The table below shows the top 10 event types with the highest total economic damage (property + crop). The bar plot visualizes the same information, highlighting which events have the greatest economic consequences:
head(economic_summary, 10)
## # A tibble: 10 × 2
## EVTYPE_simple total_economic
## <chr> <dbl>
## 1 flood 179909795032.
## 2 hurricane 98682496360
## 3 tornado 59010559549.
## 4 coastal_flood 47966079000
## 5 other 39624569341
## 6 hail 19021507166.
## 7 thunderstorm_wind 11020123044.
## 8 ice 8984168660
## 9 wind 7005879233
## 10 snow 1932486802.
top10_econ <- economic_summary %>%
slice_max(total_economic, n = 10)
ggplot(top10_econ, aes(x = reorder(EVTYPE_simple, total_economic),
y = total_economic)) +
geom_col(fill = "steelblue") +
coord_flip() +
scale_y_continuous(labels = scales::dollar_format()) +
labs(
title = "Top 10 Event Types by Economic Damage",
x = "Event Type",
y = "Total Economic Damage (USD)"
)
Figure 2. Bar plot showing the top 10 weather event types by total economic damage (property + crops).
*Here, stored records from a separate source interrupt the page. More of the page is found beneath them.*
lemma setdist_layer_sub_hcurve_le:
  fixes ip :: "'n::finite grp \<Rightarrow> 'n grp \<Rightarrow> real"
  assumes A: "adequate_ip ip"
  obtains K where "0 \<le> K" "\<And>u P \<epsilon>. admissible u \<Longrightarrow> subspace P \<Longrightarrow>
      (\<And>t. t \<in> {0..1} \<Longrightarrow> hdist_eu ip (proj (hcurve u t)) P < \<epsilon>) \<Longrightarrow>
      setdist_eu ip (hcurve u 1) (layer_sub P) \<le> K * \<epsilon> * (1 + 3 * integral {0..1} (\<lambda>s. norm (u s)))"
proof -
  obtain c where c: "0 < c" "\<And>x P \<epsilon>. subspace P \<Longrightarrow> hdist_eu ip x P < \<epsilon> \<Longrightarrow> c * norm (x - orth_proj P x) < \<epsilon>"
    using hdist_eu_controls_orth_proj[OF A] by blast
  obtain C where C: "0 < C"
    "\<And>p q P. p \<in> carrierG \<Longrightarrow> q \<in> layer_sub P \<Longrightarrow> setdist_eu ip p (layer_sub P) \<le> C * norm (p - q)"
    using setdist_eu_layer_sub_le[OF A] by blast
  have "setdist_eu ip (hcurve u 1) (layer_sub P) \<le> C / c * \<epsilon> * (1 + 3 * integral {0..1} (\<lambda>s. norm (u s)))"
    if u: "admissible u" and P: "subspace P"
      and close: "\<And>t. t \<in> {0..1} \<Longrightarrow> hdist_eu ip (proj (hcurve u t)) P < \<epsilon>" for u :: "real \<Rightarrow> real ^ 'n" and P \<epsilon>
  proof -
    have "norm (integral {0..s} u - orth_proj P (integral {0..s} u)) \<le> \<epsilon> / c" if "s \<in> {0..1}" for s
      using c(2)[OF P close[OF that]] c(1) by (simp add: proj_def hcurve_def field_simps)
    then obtain q where q: "q \<in> layer_sub P"
      "norm (hcurve u 1 - q) \<le> \<epsilon> / c * (1 + 3 * integral {0..1} (\<lambda>s. norm (u s)))"
      using hcurve_near_layer_sub[OF u P] by blast
    have "setdist_eu ip (hcurve u 1) (layer_sub P) \<le> C * norm (hcurve u 1 - q)"
      by (rule C(2)[OF hcurve_in_carrierG q(1)])
    also have "\<dots> \<le> C * (\<epsilon> / c * (1 + 3 * integral {0..1} (\<lambda>s. norm (u s))))"
      by (rule mult_left_mono[OF q(2)]) (use C(1) in simp)
    finally show ?thesis by simp
  qed
  then show ?thesis using that[of "C / c"] C(1) c(1) by simp
qed

theorem mainTheorem4:
  fixes N :: "real ^ 'n \<Rightarrow> real"
    and ip :: "'n grp \<Rightarrow> 'n grp \<Rightarrow> real"
  assumes "CARD('n) \<ge> 2"
    and "is_norm N"
    and "adequate_ip ip"
  shows "\<exists>K. \<forall>\<epsilon>>0. \<forall>\<gamma> P.
           is_geodesic N 0 (\<gamma> 1) \<gamma> \<and> d_eu ip (\<gamma> 1) 0 = 1 \<and> subspace P
           \<and> (\<forall>t\<in>{0..1}. hdist_eu ip (proj (\<gamma> t)) P < \<epsilon>)
           \<longrightarrow> setdist_eu ip (\<gamma> 1) (layer_sub P) < K * \<epsilon>"
proof -
  obtain L where L: "\<And>\<gamma>. is_geodesic N 0 (\<gamma> 1) \<gamma> \<Longrightarrow> d_eu ip (\<gamma> 1) 0 = 1 \<Longrightarrow>
      \<exists>u. admissible u \<and> (\<forall>t\<in>{0..1}. \<gamma> t = hcurve u t) \<and> integral {0..1} (\<lambda>s. norm (u s)) \<le> L"
    using geodesic_control_bounded[OF assms(2,3)] by blast
  obtain K where K: "0 \<le> K" "\<And>u P \<epsilon>. admissible u \<Longrightarrow> subspace P \<Longrightarrow>
      (\<And>t. t \<in> {0..1} \<Longrightarrow> hdist_eu ip (proj (hcurve u t)) P < \<epsilon>) \<Longrightarrow>
      setdist_eu ip (hcurve u 1) (layer_sub P) \<le> K * \<epsilon> * (1 + 3 * integral {0..1} (\<lambda>s. norm (u s)))"
    using setdist_layer_sub_hcurve_le[OF assms(3)] by blast
  show ?thesis
  proof (intro exI[of _ "K * (1 + 3 * L) + 1"] allI impI, elim conjE)
    fix \<epsilon> :: real and \<gamma> P
    assume \<epsilon>: "0 < \<epsilon>" and geo: "is_geodesic N 0 (\<gamma> 1) \<gamma>" "d_eu ip (\<gamma> 1) 0 = 1"
      and P: "subspace P" and close: "\<forall>t\<in>{0..1}. hdist_eu ip (proj (\<gamma> t)) P < \<epsilon>"
    obtain u where u: "admissible u" "\<forall>t\<in>{0..1}. \<gamma> t = hcurve u t" "integral {0..1} (\<lambda>s. norm (u s)) \<le> L"
      using L[OF geo] by blast
    have "setdist_eu ip (\<gamma> 1) (layer_sub P) \<le> K * \<epsilon> * (1 + 3 * integral {0..1} (\<lambda>s. norm (u s)))"
      using K(2)[OF u(1) P] close u(2) by simp
    also have "\<dots> \<le> K * \<epsilon> * (1 + 3 * L)"
      using u(3) K(1) \<epsilon> by (intro mult_left_mono) simp_all
    also have "\<dots> < (K * (1 + 3 * L) + 1) * \<epsilon>"
      using \<epsilon> by (simp add: algebra_simps)
    finally show "setdist_eu ip (\<gamma> 1) (layer_sub P) < (K * (1 + 3 * L) + 1) * \<epsilon>" .
  qed
qed
lemma card_arcs_to_le_in_count:
  assumes "B \<subseteq> set ps" "distinct ps"
  shows "card {j. (j, i) \<in> B} \<le> in_count ps i"
proof -
  have "card {j. (j, i) \<in> B} \<le> card (fst ` {a \<in> set ps. snd a = i})"
    using assms(1) by (intro card_mono) force+
  also have "\<dots> \<le> card {a \<in> set ps. snd a = i}" by (rule card_image_le) auto
  also have "\<dots> = in_count ps i"
    using assms(2) distinct_card[of "filter (\<lambda>a. snd a = i) ps"] by (simp add: in_count_def)
  finally show ?thesis .
qed

lemma card_arcs_to_eq_in_count:
  assumes "distinct ps"
  shows "card {j. (j, i) \<in> set ps} = in_count ps i"
proof -
  have "{j. (j, i) \<in> set ps} = fst ` {a \<in> set ps. snd a = i}" by force
  moreover have "inj_on fst {a \<in> set ps. snd a = i}" by (auto simp: inj_on_def prod_eq_iff)
  ultimately have "card {j. (j, i) \<in> set ps} = card {a \<in> set ps. snd a = i}"
    by (simp add: card_image)
  also have "\<dots> = in_count ps i"
    using assms distinct_card[of "filter (\<lambda>a. snd a = i) ps"] by (simp add: in_count_def)
  finally show ?thesis .
qed

lemma signed_balanced_sum_infeasible:
  assumes "distinct ps" "i < length b" "\<not> balance_feasible ps b i"
  shows "signed_balanced_sum (set ps) b = 0"
  unfolding signed_balanced_sum_def
proof (rule sum.neutral, intro ballI)
  fix B assume "B \<in> Pow (set ps)"
  then have "b ! i + net_outdeg B i \<noteq> 0"
    using card_arcs_from_le_out_count[of B ps i] card_arcs_to_le_in_count[of B ps i] assms
    unfolding balance_feasible_def net_outdeg_def by auto
  then show "(if \<forall>i<length b. b ! i + net_outdeg B i = 0 then (-1) ^ card B else 0) = (0::int)"
    using assms(2) by auto
qed
(* Let $K=\mathrm{SU}(2)$ and $\mathcal{M}=\{(g_1,h_1,g_2,h_2)\in K^4:[g_1,h_1][g_2,h_2]=I\}/K$. There is a one-to-one correspondence between the subsets $$\{(g,h,h,g)\in K^4 : [g,h]\neq\pm I\}/K$$ and $$\{(g,h,khk^{-1},kgk^{-1})\in K^4 : [g,h]=k^{-1}[g,h]k,\ [g,h]\neq\pm I,\ k^2=-I\}/K$$ of $\mathcal{M}$.
   Context: $[a,b]=aba^{-1}b^{-1}$; $K$ acts on quadruples by simultaneous conjugation and $\mathcal{M}$ is the quotient. Both displayed sets consist of quadruples satisfying $[g_1,h_1][g_2,h_2]=I$, and their images in $\mathcal{M}$ are meant. *)

theory Defs
  imports "HOL-Analysis.Analysis"
begin

type_synonym mat2 = "complex^2^2"
type_synonym quad = "mat2 \<times> mat2 \<times> mat2 \<times> mat2"

definition adj2 :: "mat2 \<Rightarrow> mat2" where
  "adj2 A = (\<chi> i j. cnj (A $ j $ i))"

definition SU2 :: "mat2 set" where
  "SU2 = {A. adj2 A ** A = mat 1 \<and> A ** adj2 A = mat 1 \<and> det A = 1}"

definition comm :: "mat2 \<Rightarrow> mat2 \<Rightarrow> mat2" where
  "comm a b = a ** b ** matrix_inv a ** matrix_inv b"

definition conjq :: "mat2 \<Rightarrow> quad \<Rightarrow> quad" where
  "conjq k q = (case q of (g1, h1, g2, h2) \<Rightarrow>
     (k ** g1 ** matrix_inv k, k ** h1 ** matrix_inv k,
      k ** g2 ** matrix_inv k, k ** h2 ** matrix_inv k))"
lemma tilings_1: "tilings (Suc 0) = {[Mono]}"
proof -
  have "D = [Mono]" if "sum_list (map tile_len D) = 1" for D
  proof (cases D)
    case (Cons t D')
    with that have "tile_len t + sum_list (map tile_len D') = 1"
      by simp
    with tile_len_pos[of t] have "tile_len t = 1" "sum_list (map tile_len D') = 0"
      by linarith+
    then show ?thesis
      using Cons by (cases t) auto
  qed (use that in simp)
  then show ?thesis by (auto simp: tilings_def)
qed

lemma tilings_Suc_Suc:
  "tilings (Suc (Suc L)) = Cons Mono ` tilings (Suc L) \<union> Cons Dimer ` tilings L"
proof (rule set_eqI, rule iffI)
  fix D assume D: "D \<in> tilings (Suc (Suc L))"
  then obtain t D' where "D = t # D'"
    by (cases D) (auto simp: tilings_def)
  with D show "D \<in> Cons Mono ` tilings (Suc L) \<union> Cons Dimer ` tilings L"
    by (cases t) (auto simp: tilings_def)
qed (auto simp: tilings_def)

lemma finite_tilings: "finite (tilings L)"
proof (rule finite_subset)
  have "length D \<le> sum_list (map tile_len D)" for D
    using sum_list_mono[of D "\<lambda>_. 1" tile_len] tile_len_pos by (simp add: Suc_le_eq sum_list_triv)
  moreover have "t \<in> {Mono, Dimer}" for t
    by (cases t) auto
  ultimately show "tilings L \<subseteq> {D. set D \<subseteq> {Mono, Dimer} \<and> length D \<le> L}"
    by (auto simp: tilings_def)
qed (simp add: finite_lists_length_le)

lemma config_Nil [simp]: "config [] = []"
  by (simp add: config_def)

lemma config_Cons [simp]: "config (t # D) = tile_content t @ config D"
  by (simp add: config_def)

lemma num_dimers_Cons: "num_dimers (t # D) = num_dimers [t] + num_dimers D"
  by (simp add: num_dimers_def)

lemma sum_Cons_tilings:
  assumes "length (tile_content t) = n"
  shows "(\<Sum>D\<in>Cons t ` tilings L. if config D = \<sigma> then lam ^ num_dimers D else 0)
    = (if take n \<sigma> = tile_content t then lam ^ num_dimers [t] * phi lam L (drop n \<sigma>) else 0)"
proof -
  have "(if config (t # D) = \<sigma> then lam ^ num_dimers (t # D) else 0)
      = (if take n \<sigma> = tile_content t
          then lam ^ num_dimers [t] * (if config D = drop n \<sigma> then lam ^ num_dimers D else 0) else 0)"
    for D using assms by (auto simp: append_eq_conv_conj num_dimers_Cons[of t D] power_add)
  then have "(\<Sum>D\<in>Cons t ` tilings L. if config D = \<sigma> then lam ^ num_dimers D else 0)
      = (\<Sum>D\<in>tilings L. if take n \<sigma> = tile_content t
          then lam ^ num_dimers [t] * (if config D = drop n \<sigma> then lam ^ num_dimers D else 0) else 0)"
    by (simp add: sum.reindex)
  then show ?thesis
    by (simp add: phi_def sum_distrib_left)
qed

lemma phi_0: "phi lam 0 \<sigma> = (if \<sigma> = [] then 1 else 0)"
  by (simp add: phi_def tilings_0 num_dimers_def)

lemma phi_1: "phi lam (Suc 0) \<sigma> = (if \<sigma> = [True, False, False] then 1 else 0)"
  by (auto simp: phi_def tilings_1 num_dimers_def)

lemma phi_Suc_Suc:
  "phi lam (Suc (Suc L)) \<sigma>
    = (if take 3 \<sigma> = [True, False, False] then phi lam (Suc L) (drop 3 \<sigma>) else 0)
    + (if take 6 \<sigma> = [False, True, True, False, False, False] then lam * phi lam L (drop 6 \<sigma>) else 0)"
proof -
  let ?f = "\<lambda>D. if config D = \<sigma> then lam ^ num_dimers D else 0"
  have len: "length (tile_content Mono) = 3" "length (tile_content Dimer) = 6"
    by simp_all
  have "phi lam (Suc (Suc L)) \<sigma> = sum ?f (Cons Mono ` tilings (Suc L)) + sum ?f (Cons Dimer ` tilings L)"
    unfolding phi_def tilings_Suc_Suc by (rule sum.union_disjoint) (auto simp: finite_tilings)
  also have "\<dots> = (if take 3 \<sigma> = [True, False, False] then phi lam (Suc L) (drop 3 \<sigma>) else 0)
    + (if take 6 \<sigma> = [False, True, True, False, False, False] then lam * phi lam L (drop 6 \<sigma>) else 0)"
    unfolding sum_Cons_tilings[OF len(1)] sum_Cons_tilings[OF len(2)] by (simp add: num_dimers_def)
  finally show ?thesis .
qed

text \<open>phi_open_end k weighs the tilings of k blocks followed by the left half 011 of a dimer,
phi_open_start j those of j blocks preceded by its right half 000: a tiling of k + j blocks
either respects the cut after block k or has a dimer across it (phi_append).\<close>

fun phi_open_end :: "complex \<Rightarrow> nat \<Rightarrow> bool list \<Rightarrow> complex" where
  "phi_open_end lam 0 \<tau> = 0"
| "phi_open_end lam (Suc 0) \<tau> = (if \<tau> = [False, True, True] then 1 else 0)"
| "phi_open_end lam (Suc (Suc k)) \<tau>
    = (if take 3 \<tau> = [True, False, False] then phi_open_end lam (Suc k) (drop 3 \<tau>) else 0)
    + (if take 6 \<tau> = [False, True, True, False, False, False] then lam * phi_open_end lam k (drop 6 \<tau>) else 0)"

fun phi_open_start :: "complex \<Rightarrow> nat \<Rightarrow> bool list \<Rightarrow> complex" where
  "phi_open_start lam 0 \<rho> = 0"
| "phi_open_start lam (Suc j) \<rho> = (if take 3 \<rho> = [False, False, False] then phi lam j (drop 3 \<rho>) else 0)"
lemma binomial_u_delta_eq:
  assumes phi: "0 < phi" and V: "0 < V" "V / phi = real m" and X: "X \<le> m"
    and y: "y = phi * real X / V" and delta: "0 < delta" "delta < 1"
  shows "u_delta bin_fam {0<..<1} delta y V phi =
      ereal (q_B (1 - delta) (1 + V * y / phi) (V / phi - V * y / phi) * of_bool (y < 1)
        + of_bool (y = 1))"
proof -
  have cdf: "edf_cdf bin_fam phi V mu y = (\<Sum>l\<le>X. bin_pf m mu l)" for mu
    unfolding y edf_cdf_at_lattice[OF phi V(1)] by (simp add: bin_fam_def V(2))
  have Vy: "V * y / phi = real X" and m: "0 < real m"
    using y phi V divide_pos_pos[OF V(1) phi] by simp_all
  have "V / phi * y = real X"
    using Vy by simp
  then have my: "real m * y = real X"
    using V(2) by simp
  show ?thesis
  proof (cases "X = m")
    case True
    then have "y = 1"
      using my m by simp
    have "u_delta bin_fam {0<..<1} delta y V phi = Sup (ereal ` {0<..<1})"
      by (rule u_delta_eq_Sup) (use delta in \<open>auto simp: cdf True bin_pf_sum_all\<close>)
    then show ?thesis
      using \<open>y = 1\<close> by (simp add: Sup_ereal_unit_interval)
  next
    case False
    obtain q where q: "q \<in> {0<..<1}" "q_B (1 - delta) (real X + 1) (real m - real X) = q"
      "\<And>t. t \<in> {0<..<1} \<Longrightarrow> delta \<le> (\<Sum>l\<le>X. bin_pf m t l) \<longleftrightarrow> t \<le> q"
      using bin_pf_sum_quantile[of X m delta] False X delta by auto
    have "u_delta bin_fam {0<..<1} delta y V phi = ereal q"
      by (rule u_delta_eq_threshold) (use q in \<open>auto simp: cdf\<close>)
    moreover have "real m * y < real m * 1"
      using my X False by simp
    then have "y < 1"
      using m by (simp add: mult_less_cancel_left_pos)
    ultimately show ?thesis
      using q(2) Vy V(2) by (simp add: algebra_simps)
  qed
qed

lemma poisson_l_delta_eq:
  assumes phi: "0 < phi" and V: "0 < V"
    and y: "y = phi * real X / V" and delta: "0 < delta" "delta < 1"
  shows "l_delta poi_fam {0<..} delta y V phi =
      ereal (phi * q_Gamma delta (V * y / phi) 1 / V * of_bool (y > 0))"
proof -
  have strict: "edf_cdf_strict poi_fam phi V mu y = (\<Sum>l<X. poi_pf (mu * V / phi) l)" for mu
    unfolding y edf_cdf_strict_at_lattice[OF phi V] by (simp add: poi_fam_def)
  show ?thesis
  proof (cases X)
    case 0
    have "l_delta poi_fam {0<..} delta y V phi = Inf (ereal ` {0<..})"
      by (rule l_delta_eq_Inf) (use delta in \<open>auto simp: strict 0\<close>)
    then show ?thesis
      using y 0 by (simp add: Inf_ereal_greaterThan_0)
  next
    case (Suc x)
    obtain q where q: "q \<in> {0<..}" "q_Gamma (1 - (1 - delta)) (real x + 1) 1 = q"
      "\<And>t. t \<in> {0<..} \<Longrightarrow> (\<Sum>l\<le>x. poi_pf t l) \<le> 1 - delta \<longleftrightarrow> q \<le> t"
      using poi_pf_sum_quantile[of "1 - delta" x] delta by auto
    have "q \<le> mu * V / phi \<longleftrightarrow> phi * q / V \<le> mu" for mu
      using phi V by (simp add: field_simps)
    then have "l_delta poi_fam {0<..} delta y V phi = ereal (phi * q / V)"
      by (intro l_delta_eq_threshold) (use q phi V in \<open>auto simp: strict Suc lessThan_Suc_atMost\<close>)
    moreover have "V * y / phi = real X" "y > 0"
      using y Suc phi V by simp_all
    ultimately show ?thesis
      using q(2) Suc by (simp add: algebra_simps)
  qed
qed

lemma poisson_u_delta_eq:
  assumes phi: "0 < phi" and V: "0 < V"
    and y: "y = phi * real X / V" and delta: "0 < delta" "delta < 1"
  shows "u_delta poi_fam {0<..} delta y V phi =
      ereal (phi * q_Gamma (1 - delta) (1 + V * y / phi) 1 / V)"
proof -
  have cdf: "edf_cdf poi_fam phi V mu y = (\<Sum>l\<le>X. poi_pf (mu * V / phi) l)" for mu
    unfolding y edf_cdf_at_lattice[OF phi V] by (simp add: poi_fam_def)
  obtain q where q: "q \<in> {0<..}" "q_Gamma (1 - delta) (real X + 1) 1 = q"
    "\<And>t. t \<in> {0<..} \<Longrightarrow> delta \<le> (\<Sum>l\<le>X. poi_pf t l) \<longleftrightarrow> t \<le> q"
    using poi_pf_sum_quantile[of delta X] delta by auto
  have "mu * V / phi \<le> q \<longleftrightarrow> mu \<le> phi * q / V" for mu
    using phi V by (simp add: field_simps)
  then have "u_delta poi_fam {0<..} delta y V phi = ereal (phi * q / V)"
    by (intro u_delta_eq_threshold) (use q phi V in \<open>auto simp: cdf\<close>)
  moreover have "V * y / phi = real X"
    using y phi V by simp
  ultimately show ?thesis
    using q(2) by (simp add: algebra_simps)
qed

lemma prob_of_odds_in_unit_interval: "0 < mu \<Longrightarrow> mu / (1 + mu) \<in> {0<..<1::real}"
  by (simp add: divide_less_eq)

lemma le_prob_of_odds_iff:
  fixes mu q :: real
  assumes "0 < mu" "q < 1"
  shows "q \<le> mu / (1 + mu) \<longleftrightarrow> q / (1 - q) \<le> mu"
  using assms by (simp add: pos_le_divide_eq pos_divide_le_eq algebra_simps)

lemma prob_of_odds_le_iff:
  fixes mu q :: real
  assumes "0 < mu" "q < 1"
  shows "mu / (1 + mu) \<le> q \<longleftrightarrow> mu \<le> q / (1 - q)"
  using assms by (simp add: pos_le_divide_eq pos_divide_le_eq algebra_simps)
The analysis shows that tornadoes are the most harmful weather events
to population health, causing the largest number of fatalities and
injuries.
In terms of economic consequences, floods and hurricanes/tropical storms
are responsible for the greatest financial losses.
These findings suggest that preventive resources and emergency planning
should prioritize these high-impact event types.